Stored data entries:
+===+
lemma R12_coercive:
  assumes "0 < \<mu>p" and "0 < \<mu>m" and "- \<mu>p < lp" and "- \<mu>m < lm"
    and "0 < Re \<kappa>" and "0 < Im \<kappa>"
  obtains c where "0 < c"
    and "\<And>\<phi>. inHv (-1/2) \<phi> \<Longrightarrow>
      c * sob_vnorm2 (-1/2) \<phi> \<le> - Re (pairing (R12 \<mu>p lp \<mu>m lm \<kappa> \<phi>) (vconj \<phi>))"
    and "\<And>\<phi>. inHv (-1/2) \<phi> \<Longrightarrow>
      c * sob_vnorm2 (-3/2) \<phi> \<le> - Im (pairing (R12 \<mu>p lp \<mu>m lm \<kappa> \<phi>) (vconj \<phi>))"
proof -
  obtain a g where ag: "a + \<bar>g\<bar> < 0" and modes: "\<And>\<phi> n. mode_pair (R12 \<mu>p lp \<mu>m lm \<kappa> \<phi>) \<phi> n
      = lam_sym \<kappa> n * of_real (a * mode_energy \<phi> n + g * hilbert_cross \<phi> n)"
    by (rule R12_modes[OF assms(1-4)]) blast
  obtain c where c: "0 < c"
    and re: "\<And>n. c / freq_weight n \<le> Re (lam_sym \<kappa> n)"
    and im: "\<And>n. c / freq_weight n ^ 3 \<le> Im (lam_sym \<kappa> n)"
    and norm: "\<And>n. cmod (lam_sym \<kappa> n) \<le> 1 / c * (1 / freq_weight n)"
    by (rule lam_sym_bounds[OF assms(5,6)]) blast
  have re': "c * (1 / freq_weight n) \<le> Re (1 * lam_sym \<kappa> n)" for n
    using re[of n] by simp
  have im': "c * (1 / freq_weight n ^ 3) \<le> Re (- \<i> * lam_sym \<kappa> n)" for n
    using im[of n] by simp
  have nonneg: "0 \<le> 1 / freq_weight n" "0 \<le> 1 / freq_weight n ^ 3" for n
    using freq_weight_ge_1[of n] by simp_all
  show ?thesis
  proof (rule that[of "2 * pi * (- (a + \<bar>g\<bar>)) * c"])
    show "0 < 2 * pi * (- (a + \<bar>g\<bar>)) * c" using ag c by simp
  next
    fix \<phi> assume \<phi>: "inHv (-1/2) \<phi>"
    note norm1 = sob_vnorm2_eq[OF \<phi>, unfolded freq_weight_powr]
    have "inHv (-3/2) \<phi>" using inHv_mono[OF _ \<phi>, of "-3/2"] by simp
    note norm3 = sob_vnorm2_eq[OF this, unfolded freq_weight_powr]
    show "2 * pi * (- (a + \<bar>g\<bar>)) * c * sob_vnorm2 (-1/2) \<phi>
        \<le> - Re (pairing (R12 \<mu>p lp \<mu>m lm \<kappa> \<phi>) (vconj \<phi>))"
      using pairing_lower_bound[OF modes _ norm re' norm1(1) norm1(1)] ag c nonneg
      unfolding norm1(2) by simp
    show "2 * pi * (- (a + \<bar>g\<bar>)) * c * sob_vnorm2 (-3/2) \<phi>
        \<le> - Im (pairing (R12 \<mu>p lp \<mu>m lm \<kappa> \<phi>) (vconj \<phi>))"
      using pairing_lower_bound[OF modes _ norm im' norm1(1) norm3(1)] ag c nonneg
      unfolding norm3(2) by simp
  qed
qed

lemma R21_coercive:
  assumes "0 < \<mu>p" and "0 < \<mu>m" and "- \<mu>p < lp" and "- \<mu>m < lm"
    and "0 < Re \<kappa>" and "0 < Im \<kappa>"
  obtains c where "0 < c"
    and "\<And>g. inHv (1/2) g \<Longrightarrow>
      c * sob_vnorm2 (1/2) g \<le> - Re (pairing (R21 \<mu>p lp \<mu>m lm \<kappa> g) (vconj g))"
    and "\<And>g. inHv (1/2) g \<Longrightarrow>
      c * sob_vnorm2 (-1/2) g \<le> Im (pairing (R21 \<mu>p lp \<mu>m lm \<kappa> g) (vconj g))"
proof -
  obtain a g where ag: "a + \<bar>g\<bar> < 0" and modes: "\<And>\<phi> n. mode_pair (R21 \<mu>p lp \<mu>m lm \<kappa> \<phi>) \<phi> n
      = inverse (lam_sym \<kappa> n) * of_real (a * mode_energy \<phi> n + g * hilbert_cross \<phi> n)"
    by (rule R21_modes[OF assms(1-4)]) blast
  obtain c where c: "0 < c" "c \<le> 1"
    and re: "\<And>n. c * freq_weight n \<le> Re (inverse (lam_sym \<kappa> n))"
    and im: "\<And>n. c / freq_weight n \<le> - Im (inverse (lam_sym \<kappa> n))"
    and norm: "\<And>n. cmod (inverse (lam_sym \<kappa> n)) \<le> freq_weight n / c"
    by (rule inverse_lam_sym_bounds[OF assms(5,6)]) blast
  have re': "c * freq_weight n \<le> Re (1 * inverse (lam_sym \<kappa> n))" for n
    using re[of n] by simp
  have im': "c * (1 / freq_weight n) \<le> Re (\<i> * inverse (lam_sym \<kappa> n))" for n
    using im[of n] by simp
  have norm': "cmod (inverse (lam_sym \<kappa> n)) \<le> 1 / c * freq_weight n" for n
    using norm[of n] by simp
  have nonneg: "0 \<le> freq_weight n" "0 \<le> 1 / freq_weight n" for n
    using freq_weight_ge_1[of n] by simp_all
  show ?thesis
  proof (rule that[of "2 * pi * (- (a + \<bar>g\<bar>)) * c"])
    show "0 < 2 * pi * (- (a + \<bar>g\<bar>)) * c" using ag c by simp
  next
    fix \<phi> assume \<phi>: "inHv (1/2) \<phi>"
    note norm1 = sob_vnorm2_eq[OF \<phi>, unfolded freq_weight_powr]
    have "inHv (-1/2) \<phi>" using inHv_mono[OF _ \<phi>, of "-1/2"] by simp
    note norm_m1 = sob_vnorm2_eq[OF this, unfolded freq_weight_powr]
    show "2 * pi * (- (a + \<bar>g\<bar>)) * c * sob_vnorm2 (1/2) \<phi>
        \<le> - Re (pairing (R21 \<mu>p lp \<mu>m lm \<kappa> \<phi>) (vconj \<phi>))"
      using pairing_lower_bound[OF modes _ norm' re' norm1(1) norm1(1)] ag c nonneg
      unfolding norm1(2) by simp
    show "2 * pi * (- (a + \<bar>g\<bar>)) * c * sob_vnorm2 (-1/2) \<phi>
        \<le> Im (pairing (R21 \<mu>p lp \<mu>m lm \<kappa> \<phi>) (vconj \<phi>))"
      using pairing_lower_bound[OF modes _ norm' im' norm1(1) norm_m1(1)] ag c nonneg
      unfolding norm_m1(2) by simp
  qed
qed
(* Let $T$ be a finite set of triples and $Q$ a finite nonempty set of queries. For each $q \in Q$ let $T_q \subseteq T$ be nonempty and $f_q(t) = \mathbb{I}[t\in T_q]$. Define $c_t = \sum_{q\in Q} f_q(t)$, $\mathrm{cost}(G,Q) = \sum_{t\in T} c_t$, the sensitivity $s(t) = \sum_{q\in Q}\frac{1}{|T_q|}\mathbb{I}[t\in T_q]$, $S = \sum_{t\in T} s(t)$, and the sampling probability $p(t) = s(t)/S$. Let $m\ge 1$, draw $m$ triples independently from $T$ according to $p$, let $X_t$ be the number of times $t$ is drawn, and let $w(t) = \frac{1}{m\,p(t)}$ for triples with $p(t)>0$. Define $\mathrm{cost}(C,Q) = \sum_{t \in T:\, X_t>0} X_t\, w(t)\, c_t$. Then \begin{enumerate} \item $\mathbb{E}[\mathrm{cost}(C,Q)] = \mathrm{cost}(G,Q)$; \item $\operatorname{Var}[\mathrm{cost}(C,Q)] \leq \frac{|Q|}{m}\,\mathrm{cost}(G,Q)^2$. \end{enumerate}
   Context: $T$ is the triple set of a knowledge graph $G$, $Q$ a user-specific query workload, and $T_q$ the set of triples relevant to query $q$. Triples with $s(t)=0$ (equivalently $c_t = 0$) are never sampled. Thus $X_t \sim \mathrm{Binomial}(m,p(t))$. *)

theory Defs
  imports "HOL-Probability.Probability"
begin

definition f_q :: "('q \<Rightarrow> 'a set) \<Rightarrow> 'q \<Rightarrow> 'a \<Rightarrow> real" where
  "f_q Tq q t = (if t \<in> Tq q then 1 else 0)"

definition c_t :: "'q set \<Rightarrow> ('q \<Rightarrow> 'a set) \<Rightarrow> 'a \<Rightarrow> real" where
  "c_t Q Tq t = (\<Sum>q\<in>Q. f_q Tq q t)"

definition cost_G :: "'a set \<Rightarrow> 'q set \<Rightarrow> ('q \<Rightarrow> 'a set) \<Rightarrow> real" where
  "cost_G T Q Tq = (\<Sum>t\<in>T. c_t Q Tq t)"

definition sens :: "'q set \<Rightarrow> ('q \<Rightarrow> 'a set) \<Rightarrow> 'a \<Rightarrow> real" where
  "sens Q Tq t = (\<Sum>q\<in>Q. (1 / real (card (Tq q))) * f_q Tq q t)"

definition total_sens :: "'a set \<Rightarrow> 'q set \<Rightarrow> ('q \<Rightarrow> 'a set) \<Rightarrow> real" where
  "total_sens T Q Tq = (\<Sum>t\<in>T. sens Q Tq t)"

definition samp_prob :: "'a set \<Rightarrow> 'q set \<Rightarrow> ('q \<Rightarrow> 'a set) \<Rightarrow> 'a \<Rightarrow> real" where
  "samp_prob T Q Tq t = sens Q Tq t / total_sens T Q Tq"

text \<open>X_t: number of times t is drawn in the sample (a list of m draws).\<close>
definition draw_count :: "'a list \<Rightarrow> 'a \<Rightarrow> nat" where
  "draw_count xs t = count_list xs t"

definition weight :: "'a set \<Rightarrow> 'q set \<Rightarrow> ('q \<Rightarrow> 'a set) \<Rightarrow> nat \<Rightarrow> 'a \<Rightarrow> real" where
  "weight T Q Tq m t = 1 / (real m * samp_prob T Q Tq t)"

definition cost_C :: "'a set \<Rightarrow> 'q set \<Rightarrow> ('q \<Rightarrow> 'a set) \<Rightarrow> nat \<Rightarrow> 'a list \<Rightarrow> real" where
  "cost_C T Q Tq m xs =
     (\<Sum>t\<in>{t\<in>T. draw_count xs t > 0}.
        real (draw_count xs t) * weight T Q Tq m t * c_t Q Tq t)"

end

(*
  cost(C,Q) is the sum of m independent copies of Y = w(x) c_x with x drawn according to p.
  Since p(t) w(t) = 1/m, E[Y] = cost(G,Q)/m, and Var[cost(C,Q)] = m Var[Y] <= m E[Y^2]
  = (1/m) sum_t c_t^2 / p(t) = (|Q|/m) sum_t c_t (c_t / s(t)), using S = |Q|.
  Every |T_q| is at most cost(G,Q) = sum_q |T_q|, so s(t) >= c_t / cost(G,Q), which gives the bound.
*)
theory Submission
  imports Defs
begin

lemma finite_set_replicate_pmf:
  "finite (set_pmf D) \<Longrightarrow> finite (set_pmf (replicate_pmf n D))"
  unfolding set_replicate_pmf lists_eq_set using finite_lists_length_eq by auto

lemma integrable_replicate_pmf:
  fixes f :: "'a list \<Rightarrow> 'b::{banach, second_countable_topology}"
  shows "finite (set_pmf D) \<Longrightarrow> integrable (replicate_pmf n D) f"
  by (intro integrable_measure_pmf_finite finite_set_replicate_pmf)

lemma expectation_replicate_pmf_Suc:
  fixes g :: "'a list \<Rightarrow> real"
  assumes fin: "finite (set_pmf D)"
  shows "measure_pmf.expectation (replicate_pmf (Suc n) D) g =
    measure_pmf.expectation D (\<lambda>x. measure_pmf.expectation (replicate_pmf n D) (\<lambda>xs. g (x # xs)))"
proof -
  have "replicate_pmf (Suc n) D = D \<bind> (\<lambda>x. map_pmf (Cons x) (replicate_pmf n D))"
    by (simp add: map_pmf_def)
  then show ?thesis
    using fin finite_set_replicate_pmf[OF fin]
    by (simp add: pmf_expectation_bind[of "set_pmf D"] integral_measure_pmf[of "set_pmf D"])
qed

lemma expectation_sum_list_replicate_pmf:
  fixes h :: "'a \<Rightarrow> real"
  assumes fin: "finite (set_pmf D)"
  shows "measure_pmf.expectation (replicate_pmf n D) (\<lambda>xs. \<Sum>x\<leftarrow>xs. h x)
     = real n * measure_pmf.expectation D h"
proof (induction n)
  case (Suc n)
  note int = integrable_measure_pmf_finite[OF fin] integrable_replicate_pmf[OF fin]
  have "measure_pmf.expectation (replicate_pmf (Suc n) D) (\<lambda>xs. \<Sum>x\<leftarrow>xs. h x)
      = measure_pmf.expectation D
          (\<lambda>x. measure_pmf.expectation (replicate_pmf n D) (\<lambda>xs. h x + (\<Sum>x\<leftarrow>xs. h x)))"
    by (simp only: expectation_replicate_pmf_Suc[OF fin] list.map sum_list.Cons)
  also have "\<dots> = measure_pmf.expectation D (\<lambda>x. h x + real n * measure_pmf.expectation D h)"
    by (simp add: int Suc)
  finally show ?case
    by (simp add: int algebra_simps)
qed simp

lemma expectation_sum_list_squared_replicate_pmf:
  fixes h :: "'a \<Rightarrow> real"
  assumes fin: "finite (set_pmf D)"
  shows "measure_pmf.expectation (replicate_pmf n D) (\<lambda>xs. (\<Sum>x\<leftarrow>xs. h x)\<^sup>2)
     = real n * measure_pmf.expectation D (\<lambda>x. (h x)\<^sup>2)
       + real n * (real n - 1) * (measure_pmf.expectation D h)\<^sup>2"
proof (induction n)
  case (Suc n)
  note int = integrable_measure_pmf_finite[OF fin] integrable_replicate_pmf[OF fin]
  let ?E1 = "measure_pmf.expectation D h" and ?E2 = "measure_pmf.expectation D (\<lambda>x. (h x)\<^sup>2)"
  have "measure_pmf.expectation (replicate_pmf (Suc n) D) (\<lambda>xs. (\<Sum>x\<leftarrow>xs. h x)\<^sup>2)
      = measure_pmf.expectation D (\<lambda>x. measure_pmf.expectation (replicate_pmf n D)
          (\<lambda>xs. (h x)\<^sup>2 + 2 * h x * (\<Sum>x\<leftarrow>xs. h x) + (\<Sum>x\<leftarrow>xs. h x)\<^sup>2))"
    by (simp only: expectation_replicate_pmf_Suc[OF fin] list.map sum_list.Cons power2_sum add_ac)
  also have "\<dots> = measure_pmf.expectation D (\<lambda>x. (h x)\<^sup>2 + 2 * h x * (real n * ?E1)
      + (real n * ?E2 + real n * (real n - 1) * ?E1\<^sup>2))"
    by (simp add: int Suc expectation_sum_list_replicate_pmf[OF fin])
  finally show ?case
    by (simp add: int algebra_simps power2_eq_square)
qed simp

lemma variance_sum_list_replicate_pmf:
  fixes h :: "'a \<Rightarrow> real"
  assumes fin: "finite (set_pmf D)"
  shows "measure_pmf.variance (replicate_pmf n D) (\<lambda>xs. \<Sum>x\<leftarrow>xs. h x)
     = real n * measure_pmf.variance D h"
proof -
  note int = integrable_measure_pmf_finite[OF fin] integrable_replicate_pmf[OF fin]
  have "measure_pmf.variance (replicate_pmf n D) (\<lambda>xs. \<Sum>x\<leftarrow>xs. h x)
      = measure_pmf.expectation (replicate_pmf n D) (\<lambda>xs. (\<Sum>x\<leftarrow>xs. h x)\<^sup>2)
        - (measure_pmf.expectation (replicate_pmf n D) (\<lambda>xs. \<Sum>x\<leftarrow>xs. h x))\<^sup>2"
    by (intro measure_pmf.variance_eq int)
  also have "\<dots> = real n * measure_pmf.expectation D (\<lambda>x. (h x)\<^sup>2)
        + real n * (real n - 1) * (measure_pmf.expectation D h)\<^sup>2
        - (real n * measure_pmf.expectation D h)\<^sup>2"
    by (simp only: expectation_sum_list_replicate_pmf[OF fin]
        expectation_sum_list_squared_replicate_pmf[OF fin])
  also have "\<dots> = real n * (measure_pmf.expectation D (\<lambda>x. (h x)\<^sup>2) - (measure_pmf.expectation D h)\<^sup>2)"
    by (simp add: algebra_simps power2_eq_square)
  also have "\<dots> = real n * measure_pmf.variance D h"
    by (simp add: measure_pmf.variance_eq int)
  finally show ?thesis .
qed

lemma sum_count_list_eq_sum_list:
  fixes g :: "'a \<Rightarrow> 'b::comm_semiring_1"
  assumes "finite A"
  shows "(\<Sum>t\<in>A. of_nat (count_list xs t) * g t) = (\<Sum>x\<leftarrow>xs. if x \<in> A then g x else 0)"
proof (induction xs)
  case (Cons x xs)
  have "of_nat (count_list (x # xs) t) * g t = (if x = t then g t else 0) + of_nat (count_list xs t) * g t"
    for t by (simp add: distrib_right)
  then show ?case
    using assms Cons.IH by (simp add: sum.distrib sum.delta)
qed simp

lemma c_t_nonneg: "c_t Q Tq t \<ge> 0"
  unfolding c_t_def f_q_def by (simp add: sum_nonneg)

locale query_workload =
  fixes T :: "'a set" and Q :: "'q set" and Tq :: "'q \<Rightarrow> 'a set"
  assumes finite_T: "finite T" and finite_Q: "finite Q" and Q_nonempty: "Q \<noteq> {}"
    and Tq_subset: "q \<in> Q \<Longrightarrow> Tq q \<subseteq> T" and Tq_nonempty: "q \<in> Q \<Longrightarrow> Tq q \<noteq> {}"
begin

lemma card_Tq_pos: "q \<in> Q \<Longrightarrow> card (Tq q) > 0"
  using Tq_subset Tq_nonempty finite_T by (meson card_gt_0_iff finite_subset)

lemma sum_f_q_eq_card: "q \<in> Q \<Longrightarrow> (\<Sum>t\<in>T. f_q Tq q t) = real (card (Tq q))"
  using Tq_subset finite_T by (simp add: f_q_def sum.If_cases Int_absorb1)

lemma cost_G_eq_sum_card: "cost_G T Q Tq = (\<Sum>q\<in>Q. real (card (Tq q)))"
  unfolding cost_G_def c_t_def by (subst sum.swap) (simp add: sum_f_q_eq_card)

lemma total_sens_eq_card: "total_sens T Q Tq = real (card Q)"
proof -
  have "total_sens T Q Tq = (\<Sum>q\<in>Q. (\<Sum>t\<in>T. f_q Tq q t) / real (card (Tq q)))"
    unfolding total_sens_def sens_def by (subst sum.swap) (simp add: sum_divide_distrib)
  also have "\<dots> = (\<Sum>q\<in>Q. 1)"
    by (rule sum.cong) (simp_all add: sum_f_q_eq_card card_Tq_pos)
  finally show ?thesis by simp
qed

lemma c_t_le_cost_G_sens: "c_t Q Tq t \<le> cost_G T Q Tq * sens Q Tq t"
proof -
  have "f_q Tq q t \<le> cost_G T Q Tq * (1 / real (card (Tq q)) * f_q Tq q t)" if q: "q \<in> Q" for q
  proof -
    have "real (card (Tq q)) \<le> cost_G T Q Tq"
      unfolding cost_G_eq_sum_card using q finite_Q by (intro member_le_sum) auto
    then show ?thesis
      using card_Tq_pos[OF q] by (simp add: f_q_def field_simps)
  qed
  then show ?thesis
    unfolding c_t_def sens_def sum_distrib_left by (intro sum_mono)
qed

lemma cost_G_nonneg: "cost_G T Q Tq \<ge> 0"
  unfolding cost_G_eq_sum_card by (simp add: sum_nonneg)

lemma sens_pos:
  assumes "c_t Q Tq t > 0"
  shows "sens Q Tq t > 0"
proof -
  have "cost_G T Q Tq * sens Q Tq t > 0"
    using assms c_t_le_cost_G_sens[of t] by linarith
  then show ?thesis
    using cost_G_nonneg by (simp add: zero_less_mult_iff)
qed

lemma samp_prob_eq: "samp_prob T Q Tq t = sens Q Tq t / real (card Q)"
  by (simp add: samp_prob_def total_sens_eq_card)

(* If c_t = 0 then p(t) = 0 and weight is the junk value 1/0 = 0; both sides vanish. *)
lemma samp_prob_mult_weight:
  assumes "m > 0"
  shows "samp_prob T Q Tq t * (weight T Q Tq m t * c_t Q Tq t) = c_t Q Tq t / real m"
proof (cases "c_t Q Tq t = 0")
  case False
  then have "sens Q Tq t > 0"
    using c_t_nonneg[of Q Tq t] by (intro sens_pos) linarith
  then show ?thesis
    using assms finite_Q Q_nonempty by (simp add: weight_def samp_prob_eq card_gt_0_iff field_simps)
qed simp

lemma samp_prob_mult_weight_sq_le:
  assumes "m > 0"
  shows "samp_prob T Q Tq t * (weight T Q Tq m t * c_t Q Tq t)\<^sup>2
    \<le> real (card Q) * cost_G T Q Tq * c_t Q Tq t / (real m)\<^sup>2"
proof (cases "c_t Q Tq t = 0")
  case False
  then have c: "c_t Q Tq t > 0"
    using c_t_nonneg[of Q Tq t] by linarith
  then have s: "sens Q Tq t > 0"
    by (rule sens_pos)
  have "samp_prob T Q Tq t * (weight T Q Tq m t * c_t Q Tq t)\<^sup>2
      = real (card Q) * (c_t Q Tq t / sens Q Tq t) * c_t Q Tq t / (real m)\<^sup>2"
    using assms finite_Q Q_nonempty s
    by (simp add: weight_def samp_prob_eq card_gt_0_iff field_simps power2_eq_square)
  also have "\<dots> \<le> real (card Q) * cost_G T Q Tq * c_t Q Tq t / (real m)\<^sup>2"
    using c_t_le_cost_G_sens[of t] s c
    by (intro divide_right_mono mult_right_mono mult_left_mono) (simp_all add: field_simps)
  finally show ?thesis .
qed simp

definition draw_cost :: "nat \<Rightarrow> 'a \<Rightarrow> real" where
  "draw_cost m t = (if t \<in> T then weight T Q Tq m t * c_t Q Tq t else 0)"

lemma cost_C_eq_sum_draw_cost: "cost_C T Q Tq m xs = (\<Sum>x\<leftarrow>xs. draw_cost m x)"
proof -
  have "cost_C T Q Tq m xs = (\<Sum>t\<in>T. real (count_list xs t) * (weight T Q Tq m t * c_t Q Tq t))"
    unfolding cost_C_def draw_count_def mult.assoc
    by (rule sum.mono_neutral_left) (use finite_T in auto)
  then show ?thesis
    unfolding draw_cost_def using finite_T by (simp add: sum_count_list_eq_sum_list)
qed

end

locale sensitivity_sampling = query_workload +
  fixes D :: "'a pmf"
  assumes pmf_D: "pmf D t = (if t \<in> T then samp_prob T Q Tq t else 0)"
begin

lemma finite_set_pmf_D: "finite (set_pmf D)"
  using finite_T pmf_D by (auto simp: set_pmf_iff intro: finite_subset)

lemma expectation_D: "measure_pmf.expectation D f = (\<Sum>t\<in>T. samp_prob T Q Tq t * f t)"
  using finite_T pmf_D by (subst integral_measure_pmf[of T]) (auto simp: set_pmf_iff split: if_splits)

lemma expectation_draw_cost:
  "m > 0 \<Longrightarrow> measure_pmf.expectation D (draw_cost m) = cost_G T Q Tq / real m"
  by (simp add: expectation_D draw_cost_def samp_prob_mult_weight cost_G_def sum_divide_distrib)

lemma expectation_draw_cost_sq_le:
  assumes "m > 0"
  shows "measure_pmf.expectation D (\<lambda>t. (draw_cost m t)\<^sup>2)
    \<le> real (card Q) * (cost_G T Q Tq)\<^sup>2 / (real m)\<^sup>2"
proof -
  have "measure_pmf.expectation D (\<lambda>t. (draw_cost m t)\<^sup>2)
      \<le> (\<Sum>t\<in>T. real (card Q) * cost_G T Q Tq * c_t Q Tq t / (real m)\<^sup>2)"
    unfolding expectation_D draw_cost_def
    by (intro sum_mono) (simp add: samp_prob_mult_weight_sq_le assms)
  also have "\<dots> = real (card Q) * (cost_G T Q Tq)\<^sup>2 / (real m)\<^sup>2"
    by (simp add: cost_G_def[of T] sum_distrib_left[symmetric] sum_divide_distrib[symmetric] power2_eq_square)
  finally show ?thesis .
qed

end

theorem mainTheorem3:
  fixes T :: "'a set" and Q :: "'q set" and Tq :: "'q \<Rightarrow> 'a set"
    and m :: nat and D :: "'a pmf"
  assumes "finite T" and "finite Q" and "Q \<noteq> {}"
    and "\<And>q. q \<in> Q \<Longrightarrow> Tq q \<subseteq> T \<and> Tq q \<noteq> {}"
    and "m \<ge> 1"
    and "\<And>t. pmf D t = (if t \<in> T then samp_prob T Q Tq t else 0)"
  shows "measure_pmf.expectation (replicate_pmf m D) (cost_C T Q Tq m) = cost_G T Q Tq \<and>
         measure_pmf.variance (replicate_pmf m D) (cost_C T Q Tq m)
           \<le> real (card Q) / real m * (cost_G T Q Tq)\<^sup>2"
proof -
  interpret sensitivity_sampling T Q Tq D
    using assms(1-4,6) by unfold_locales auto
  have m: "m > 0"
    using assms(5) by simp
  have cost: "cost_C T Q Tq m = (\<lambda>xs. \<Sum>x\<leftarrow>xs. draw_cost m x)"
    by (intro ext cost_C_eq_sum_draw_cost)
  have "measure_pmf.variance (replicate_pmf m D) (cost_C T Q Tq m)
      = real m * measure_pmf.variance D (draw_cost m)"
    by (simp add: cost variance_sum_list_replicate_pmf finite_set_pmf_D)
  also have "\<dots> \<le> real m * measure_pmf.expectation D (\<lambda>t. (draw_cost m t)\<^sup>2)"
    using finite_set_pmf_D
    by (intro mult_left_mono) (simp_all add: measure_pmf.variance_eq integrable_measure_pmf_finite)
  also have "\<dots> \<le> real m * (real (card Q) * (cost_G T Q Tq)\<^sup>2 / (real m)\<^sup>2)"
    using m by (intro mult_left_mono expectation_draw_cost_sq_le) simp_all
  also have "\<dots> = real (card Q) / real m * (cost_G T Q Tq)\<^sup>2"
    using m by (simp add: power2_eq_square)
  finally show ?thesis
    using m by (simp add: cost expectation_sum_list_replicate_pmf finite_set_pmf_D expectation_draw_cost)
qed

end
+===+
*WHAT TO DO*.
Output the data exactly, from the first line through the line that holds "by (rule R12_modes[OF assms(1-4)]) blast", so that no later line appears.

*SOLUTION TO THIS EXERCISE*.
lemma R12_coercive:
  assumes "0 < \<mu>p" and "0 < \<mu>m" and "- \<mu>p < lp" and "- \<mu>m < lm"
    and "0 < Re \<kappa>" and "0 < Im \<kappa>"
  obtains c where "0 < c"
    and "\<And>\<phi>. inHv (-1/2) \<phi> \<Longrightarrow>
      c * sob_vnorm2 (-1/2) \<phi> \<le> - Re (pairing (R12 \<mu>p lp \<mu>m lm \<kappa> \<phi>) (vconj \<phi>))"
    and "\<And>\<phi>. inHv (-1/2) \<phi> \<Longrightarrow>
      c * sob_vnorm2 (-3/2) \<phi> \<le> - Im (pairing (R12 \<mu>p lp \<mu>m lm \<kappa> \<phi>) (vconj \<phi>))"
proof -
  obtain a g where ag: "a + \<bar>g\<bar> < 0" and modes: "\<And>\<phi> n. mode_pair (R12 \<mu>p lp \<mu>m lm \<kappa> \<phi>) \<phi> n
      = lam_sym \<kappa> n * of_real (a * mode_energy \<phi> n + g * hilbert_cross \<phi> n)"
    by (rule R12_modes[OF assms(1-4)]) blast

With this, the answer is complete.